Texto: Roberto Hernández*| Foto: Ariel Sabatella

En notas anteriores hablamos de pedales y asientos (dos de los puntos de contacto con nuestra bicicleta). Ahora es el turno del manubrio. Si bien hay infinidad de formas, tanto para ruta como para mountain bike, ciclismo urbano, cicloturismo e incluso gravel, nos vamos a centrar en las directrices generales para su instalación y ajuste.

Antes que todo tengamos presente que la pieza que hace de nexo entre el manubrio y nuestra bicicleta es el stem. La angulación y el largo de este influyen directamente sobre los ángulos de cadera y hombro que adopte nuestro cuerpo, aunque vale aclarar que vamos a poder adoptar ángulos más cerrados o más abiertos según el volumen de entrenamiento que estemos desarrollando. En el caso de ciclistas deportivos que compiten y entrenan regularmente para ello, aquellos ángulos varían de acuerdo con la planificación del año, por lo cual se pueden manejar diferentes posiciones en función de la etapa que cada deportista atraviese.

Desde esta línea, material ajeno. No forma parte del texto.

(* Let $\tau_1,\tau_2:[0,1]\to[0,1]$ be piecewise $C^1$ maps with $\tau_1\le\tau_2$ on $[0,1]$, and suppose that $\tau_1$ and $\tau_2$ possess absolutely continuous invariant probability measures with densities $f_1$ and $f_2$, respectively. Let $0<\lambda<1$ and $f=\lambda f_1+(1-\lambda)f_2$. Let $\boldsymbol\tau$ be a selector (a piecewise $C^1$ map $\boldsymbol\tau:[0,1]\to[0,1]$ with $\tau_1\le\boldsymbol\tau\le\tau_2$) that preserves the density $f$. Then there exists a measurable function $p:[0,1]\to[0,1]$ such that the position dependent random map $R=\{\tau_1,\tau_2;p,1-p\}$ also preserves $f$.
   Context: A position dependent random map $R=\{\tau_1,\tau_2;p,1-p\}$, where $p:[0,1]\to[0,1]$ is measurable, moves a point $x$ to $\tau_1(x)$ with probability $p(x)$ and to $\tau_2(x)$ with probability $1-p(x)$. A density $f$ is invariant (preserved) for $R$ if $P_{\tau_1}(pf)+P_{\tau_2}((1-p)f)=f$ a.e., where $P_{\tau_k}$ is the Frobenius–Perron operator of $\tau_k$ with respect to Lebesgue measure. *)

theory Defs
  imports "HOL-Analysis.Analysis"
begin

definition piecewise_C1 :: "(real \<Rightarrow> real) \<Rightarrow> bool" where
  "piecewise_C1 \<tau> \<longleftrightarrow>
     (\<exists>S. finite S \<and> S \<subseteq> {0..1} \<and> 0 \<in> S \<and> 1 \<in> S \<and>
        (\<forall>a\<in>S. \<forall>b\<in>S. a < b \<and> {a<..<b} \<inter> S = {} \<longrightarrow>
           (\<exists>g g'. (\<forall>x\<in>{a..b}. (g has_real_derivative g' x) (at x within {a..b})) \<and>
                   continuous_on {a..b} g' \<and>
                   (\<forall>x\<in>{a<..<b}. \<tau> x = g x))))"

definition maps_unit :: "(real \<Rightarrow> real) \<Rightarrow> bool" where
  "maps_unit \<tau> \<longleftrightarrow> \<tau> ` {0..1} \<subseteq> {0..1}"

definition is_density :: "(real \<Rightarrow> real) \<Rightarrow> bool" where
  "is_density f \<longleftrightarrow> f \<in> borel_measurable borel \<and> (\<forall>x\<in>{0..1}. 0 \<le> f x) \<and>
     set_integrable lborel {0..1} f \<and> (LINT x:{0..1}|lborel. f x) = 1"

definition acim_density :: "(real \<Rightarrow> real) \<Rightarrow> (real \<Rightarrow> real) \<Rightarrow> bool" where
  "acim_density \<tau> f \<longleftrightarrow> is_density f \<and>
     (\<forall>A \<in> sets borel. A \<subseteq> {0..1} \<longrightarrow>
        (LINT x:(\<tau> -` A \<inter> {0..1})|lborel. f x) = (LINT x:A|lborel. f x))"

text \<open>h is (a version of) the Frobenius--Perron image P_tau g of g, i.e.
  h is integrable on [0,1] and its integral over any Borel A in [0,1] equals the
  integral of g over the preimage of A.\<close>
definition FP_image :: "(real \<Rightarrow> real) \<Rightarrow> (real \<Rightarrow> real) \<Rightarrow> (real \<Rightarrow> real) \<Rightarrow> bool" where
  "FP_image \<tau> g h \<longleftrightarrow> h \<in> borel_measurable borel \<and> set_integrable lborel {0..1} h \<and>
     (\<forall>A \<in> sets borel. A \<subseteq> {0..1} \<longrightarrow>
        (LINT x:A|lborel. h x) = (LINT x:(\<tau> -` A \<inter> {0..1})|lborel. g x))"

definition preserves_density :: "(real \<Rightarrow> real) \<Rightarrow> (real \<Rightarrow> real) \<Rightarrow> bool" where
  "preserves_density \<tau> f \<longleftrightarrow>
     (\<exists>h. FP_image \<tau> f h \<and> (AE x in lborel. x \<in> {0..1} \<longrightarrow> h x = f x))"

definition random_map_preserves ::
  "(real \<Rightarrow> real) \<Rightarrow> (real \<Rightarrow> real) \<Rightarrow> (real \<Rightarrow> real) \<Rightarrow> (real \<Rightarrow> real) \<Rightarrow> bool" where
  "random_map_preserves \<tau>1 \<tau>2 p f \<longleftrightarrow>
     (\<exists>h1 h2. FP_image \<tau>1 (\<lambda>x. p x * f x) h1 \<and> FP_image \<tau>2 (\<lambda>x. (1 - p x) * f x) h2 \<and>
        (AE x in lborel. x \<in> {0..1} \<longrightarrow> h1 x + h2 x = f x))"

end

theory Submission
  imports Defs
begin

text \<open>Since \<open>f = \<lambda> f\<^sub>1 + (1 - \<lambda>) f\<^sub>2\<close> with both summands nonnegative, choose
  \<open>p = \<lambda> f\<^sub>1 / f\<close> (and \<open>p = 0\<close> where \<open>f = 0\<close>). Then \<open>p f = \<lambda> f\<^sub>1\<close> and
  \<open>(1 - p) f = (1 - \<lambda>) f\<^sub>2\<close>, and invariance of \<open>f\<^sub>i\<close> under \<open>\<tau>\<^sub>i\<close> gives
  \<open>P\<^sub>\<tau>\<^sub>1(p f) + P\<^sub>\<tau>\<^sub>2((1 - p) f) = \<lambda> f\<^sub>1 + (1 - \<lambda>) f\<^sub>2 = f\<close>.\<close>

definition mixture_weight :: "real \<Rightarrow> real \<Rightarrow> real" where
  "mixture_weight a b = (if a + b = 0 then 0 else a / (a + b))"

lemma mixture_weight_measurable [measurable]:
  assumes "f \<in> borel_measurable M" "g \<in> borel_measurable M"
  shows "(\<lambda>x. mixture_weight (f x) (g x)) \<in> borel_measurable M"
  unfolding mixture_weight_def using assms by measurable

lemma mixture_weight_bounds:
  assumes "0 \<le> a" "0 \<le> b"
  shows "0 \<le> mixture_weight a b" "mixture_weight a b \<le> 1"
  using assms by (auto simp: mixture_weight_def field_simps)

lemma mixture_weight_mult:
  assumes "0 \<le> a" "0 \<le> b"
  shows "mixture_weight a b * (a + b) = a"
  using assms by (auto simp: mixture_weight_def)

lemma one_minus_mixture_weight_mult:
  assumes "0 \<le> a" "0 \<le> b"
  shows "(1 - mixture_weight a b) * (a + b) = b"
  using mixture_weight_mult[OF assms] by (simp add: algebra_simps)

text \<open>No measurability of \<open>S\<close> is required; this matters because the maps are not
  assumed measurable, so preimages need not be Borel sets.\<close>
lemma set_integral_cong_superset:
  assumes "S \<subseteq> T" "\<And>x. x \<in> T \<Longrightarrow> f x = g x"
  shows "(LINT x:S|M. f x) = (LINT x:S|M. g x)"
proof -
  have "(\<lambda>x. indicator S x *\<^sub>R f x) = (\<lambda>x. indicator S x *\<^sub>R g x)"
    using assms by (intro ext) (auto simp: indicator_def)
  then show ?thesis unfolding set_lebesgue_integral_def by simp
qed

lemma acim_density_measurable_nonneg:
  assumes "acim_density \<tau> g"
  shows "g \<in> borel_measurable borel" "\<And>x. x \<in> {0..1} \<Longrightarrow> 0 \<le> g x"
  using assms unfolding acim_density_def is_density_def by auto

lemma FP_image_scaled_acim_density:
  assumes "acim_density \<tau> g" "\<And>x. x \<in> {0..1} \<Longrightarrow> q x = c * g x"
  shows "FP_image \<tau> q (\<lambda>x. c * g x)"
  unfolding FP_image_def
proof (intro conjI ballI impI)
  have dens: "is_density g" and inv: "\<And>A. A \<in> sets borel \<Longrightarrow> A \<subseteq> {0..1} \<Longrightarrow>
      (LINT x:(\<tau> -` A \<inter> {0..1})|lborel. g x) = (LINT x:A|lborel. g x)"
    using assms(1) unfolding acim_density_def by auto
  then show "(\<lambda>x. c * g x) \<in> borel_measurable borel"
    and "set_integrable lborel {0..1} (\<lambda>x. c * g x)"
    unfolding is_density_def by auto
  fix A :: "real set"
  assume A: "A \<in> sets borel" "A \<subseteq> {0..1}"
  have "(LINT x:(\<tau> -` A \<inter> {0..1})|lborel. q x) = (LINT x:(\<tau> -` A \<inter> {0..1})|lborel. c * g x)"
    by (rule set_integral_cong_superset[of _ "{0..1}"]) (use assms(2) in auto)
  also have "\<dots> = c * (LINT x:A|lborel. g x)"
    using inv[OF A] by simp
  finally show "(LINT x:A|lborel. c * g x) = (LINT x:(\<tau> -` A \<inter> {0..1})|lborel. q x)"
    by simp
qed

lemma random_map_preserves_mixture:
  assumes "acim_density \<tau>1 f1" "acim_density \<tau>2 f2" "0 \<le> lam" "lam \<le> 1"
  defines "p \<equiv> \<lambda>x. mixture_weight (lam * f1 x) ((1 - lam) * f2 x)"
  shows "random_map_preserves \<tau>1 \<tau>2 p (\<lambda>x. lam * f1 x + (1 - lam) * f2 x)"
  unfolding random_map_preserves_def
proof (intro exI conjI)
  have nonneg: "0 \<le> lam * f1 x" "0 \<le> (1 - lam) * f2 x" if "x \<in> {0..1}" for x
    using acim_density_measurable_nonneg(2)[OF assms(1) that]
      acim_density_measurable_nonneg(2)[OF assms(2) that] assms(3,4) by auto
  show "FP_image \<tau>1 (\<lambda>x. p x * (lam * f1 x + (1 - lam) * f2 x)) (\<lambda>x. lam * f1 x)"
    using assms(1) by (rule FP_image_scaled_acim_density)
      (simp add: p_def mixture_weight_mult nonneg)
  show "FP_image \<tau>2 (\<lambda>x. (1 - p x) * (lam * f1 x + (1 - lam) * f2 x)) (\<lambda>x. (1 - lam) * f2 x)"
    using assms(2) by (rule FP_image_scaled_acim_density)
      (simp add: p_def one_minus_mixture_weight_mult nonneg)
qed simp

theorem corollary1:
  fixes \<tau>1 \<tau>2 \<tau> f1 f2 :: "real \<Rightarrow> real" and lam :: real
  assumes "piecewise_C1 \<tau>1" "piecewise_C1 \<tau>2"
    and "maps_unit \<tau>1" "maps_unit \<tau>2"
    and "\<forall>x\<in>{0..1}. \<tau>1 x \<le> \<tau>2 x"
    and "acim_density \<tau>1 f1" "acim_density \<tau>2 f2"
    and "0 < lam" "lam < 1"
    and "piecewise_C1 \<tau>" "maps_unit \<tau>"
    and "\<forall>x\<in>{0..1}. \<tau>1 x \<le> \<tau> x \<and> \<tau> x \<le> \<tau>2 x"
    and "preserves_density \<tau> (\<lambda>x. lam * f1 x + (1 - lam) * f2 x)"
  shows "\<exists>p :: real \<Rightarrow> real. p \<in> borel_measurable borel \<and> (\<forall>x\<in>{0..1}. 0 \<le> p x \<and> p x \<le> 1) \<and>
           random_map_preserves \<tau>1 \<tau>2 p (\<lambda>x. lam * f1 x + (1 - lam) * f2 x)"
proof -
  let ?p = "\<lambda>x. mixture_weight (lam * f1 x) ((1 - lam) * f2 x)"
  note f1 = acim_density_measurable_nonneg[OF assms(6)]
  note f2 = acim_density_measurable_nonneg[OF assms(7)]
  have "?p \<in> borel_measurable borel"
    using f1(1) f2(1) by measurable
  moreover have "0 \<le> ?p x \<and> ?p x \<le> 1" if "x \<in> {0..1}" for x
  proof -
    have "0 \<le> lam * f1 x" "0 \<le> (1 - lam) * f2 x"
      using f1(2) f2(2) that assms(8,9) by auto
    then show ?thesis
      using mixture_weight_bounds by blast
  qed
  moreover have "random_map_preserves \<tau>1 \<tau>2 ?p (\<lambda>x. lam * f1 x + (1 - lam) * f2 x)"
    using assms(6,7,8,9) by (intro random_map_preserves_mixture) auto
  ultimately show ?thesis
    by blast
qed

end
lemma otil_ntil_of_nat:
  assumes "\<forall>i\<in>{1..n}. \<forall>j\<in>{1..n}. A i j = 0 \<or> A i j = 1"
    and "\<forall>i\<in>{1..n}. \<forall>j\<in>{1..n}. A i j = A j i"
    and "\<forall>i\<in>{1..n}. A i i = 0"
  obtains x h :: nat where "otil n A e a b = x" "ntil n e a b = h" "x \<le> h" "h \<le> n^2"
proof -
  define C where "C a = {i\<in>{1..n}. e i = a}" for a
  have C_sub: "C a \<subseteq> {1..n}" for a
    by (auto simp: C_def)
  have C_fin: "finite (C a)" for a
    using C_sub by (rule finite_subset) simp
  have cnt_C: "cnt n e a = card (C a)" for a
    unfolding cnt_def C_def ..
  have opair: "opair n A e u v = (\<Sum>i\<in>C u. \<Sum>j\<in>C v. A i j)" for u v
    unfolding opair_eq_block_sum C_def ..
  have restrict: "\<forall>i\<in>C u. \<forall>j\<in>C v. P i j" if "\<forall>i\<in>{1..n}. \<forall>j\<in>{1..n}. P i j" for P u v
    using that C_sub by blast
  have square_le: "card (C u) * card (C v) \<le> n^2" for u v
    using mult_le_mono[OF cnt_le[of n e u] cnt_le[of n e v]]
    unfolding cnt_C power2_eq_square by simp
  show ?thesis
  proof (cases "a = b")
    case True
    define c where "c = card (C a)"
    have "\<forall>i\<in>C a. A i i = 0"
      using assms(3) C_sub by blast
    then obtain m where m: "opair n A e a a = 2 * real m" "2 * m + c \<le> c * c"
      using symmetric_block_sum_eq_double[OF C_fin restrict[OF assms(1)] restrict[OF assms(2)]]
      unfolding opair c_def by blast
    have "even (c * (c - 1))"
      by (cases "even c") auto
    then obtain h where h: "c * (c - 1) = 2 * h"
      by (rule evenE)
    have "npair n e a a = real (c * (c - 1))"
      unfolding npair_def cnt_C c_def[symmetric] by (cases c) (auto simp: algebra_simps)
    then have "ntil n e a a = h"
      unfolding ntil_def h by simp
    moreover have "otil n A e a a = m"
      unfolding otil_def m(1) by simp
    moreover have "c * (c - 1) = c * c - c"
      by (simp add: diff_mult_distrib2)
    then have "m \<le> h" "h \<le> n^2"
      using m(2) h square_le[of a a] unfolding c_def by linarith+
    ultimately show ?thesis
      using that True by blast
  next
    case False
    obtain m :: nat where m: "opair n A e a b = m" "m \<le> card (C a) * card (C b)"
      unfolding opair by (rule block_sum_01_eq_of_nat[OF C_fin C_fin restrict[OF assms(1)]])
    have "ntil n e a b = card (C a) * card (C b)"
      using False by (simp add: ntil_def npair_def cnt_C)
    moreover have "otil n A e a b = m"
      using False m(1) by (simp add: otil_def)
    ultimately show ?thesis
      using that m(2) square_le by blast
  qed
qed

lemma sum_square_symmetric:
  fixes F :: "nat \<Rightarrow> nat \<Rightarrow> real"
  assumes "\<And>a b. F a b = F b a"
  shows "(\<Sum>a\<in>{1..k}. \<Sum>b\<in>{1..k}. F a b)
           = 2 * (\<Sum>a\<in>{1..k}. \<Sum>b\<in>{a..k}. if a = b then F a b / 2 else F a b)"
proof (induction k)
  case 0
  then show ?case by simp
next
  case (Suc k)
  have "(\<Sum>a\<in>{1..Suc k}. \<Sum>b\<in>{1..Suc k}. F a b)
      = (\<Sum>a\<in>{1..k}. \<Sum>b\<in>{1..k}. F a b) + 2 * (\<Sum>a\<in>{1..k}. F a (Suc k)) + F (Suc k) (Suc k)"
    using assms by (simp add: sum.distrib)
  moreover have "(\<Sum>a\<in>{1..Suc k}. \<Sum>b\<in>{a..Suc k}. if a = b then F a b / 2 else F a b)
      = (\<Sum>a\<in>{1..k}. \<Sum>b\<in>{a..k}. if a = b then F a b / 2 else F a b)
        + (\<Sum>a\<in>{1..k}. F a (Suc k)) + F (Suc k) (Suc k) / 2"
  proof -
    have "(\<Sum>a\<in>{1..k}. \<Sum>b\<in>{a..Suc k}. if a = b then F a b / 2 else F a b)
        = (\<Sum>a\<in>{1..k}. (\<Sum>b\<in>{a..k}. if a = b then F a b / 2 else F a b) + F a (Suc k))"
      by (intro sum.cong refl) auto
    then show ?thesis
      by (simp add: sum.distrib)
  qed
  ultimately show ?case
    using Suc by simp
qed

El el caso del MTB, al ser una especialidad muy técnica, es necesario que tengamos en cuenta nuestro feeling con el manubrio, siempre considerando:

– Que el manubrio no sea más angosto que el ancho de nuestros hombros, ya que esto muchas veces genera sin necesidad sobrecarga en el deltoides y en el tríceps, además de limitar en alto grado nuestra capacidad torácica (respiración). Además, el manubrio ancho nos da estabilidad y maniobriabilidad, algo fundamental para esta disciplina.
– El manubrio es un punto de contacto con nuestra bicicleta, por tanto es importantísimo practicar el ensayo/error si no estamos conformes con el que estemos usando.
– Como recomendación muy general y contrario a lo que comúnmente se cree, el manubrio doble altura en el MTB mejora la maniobrabilidad en los descensos, una cualidad que hay que apreciar por sobre la estética que nos da el manubrio plano.

En cuanto a la ruta, vale aclarar que el manubrio compact se trabaja en conjunto con el stem para los que consideran que quedan “cortos” en la toma alta del manubrio, ya que los de mayor profundidad se utilizan con ciclistas con mayor envergadura de brazos.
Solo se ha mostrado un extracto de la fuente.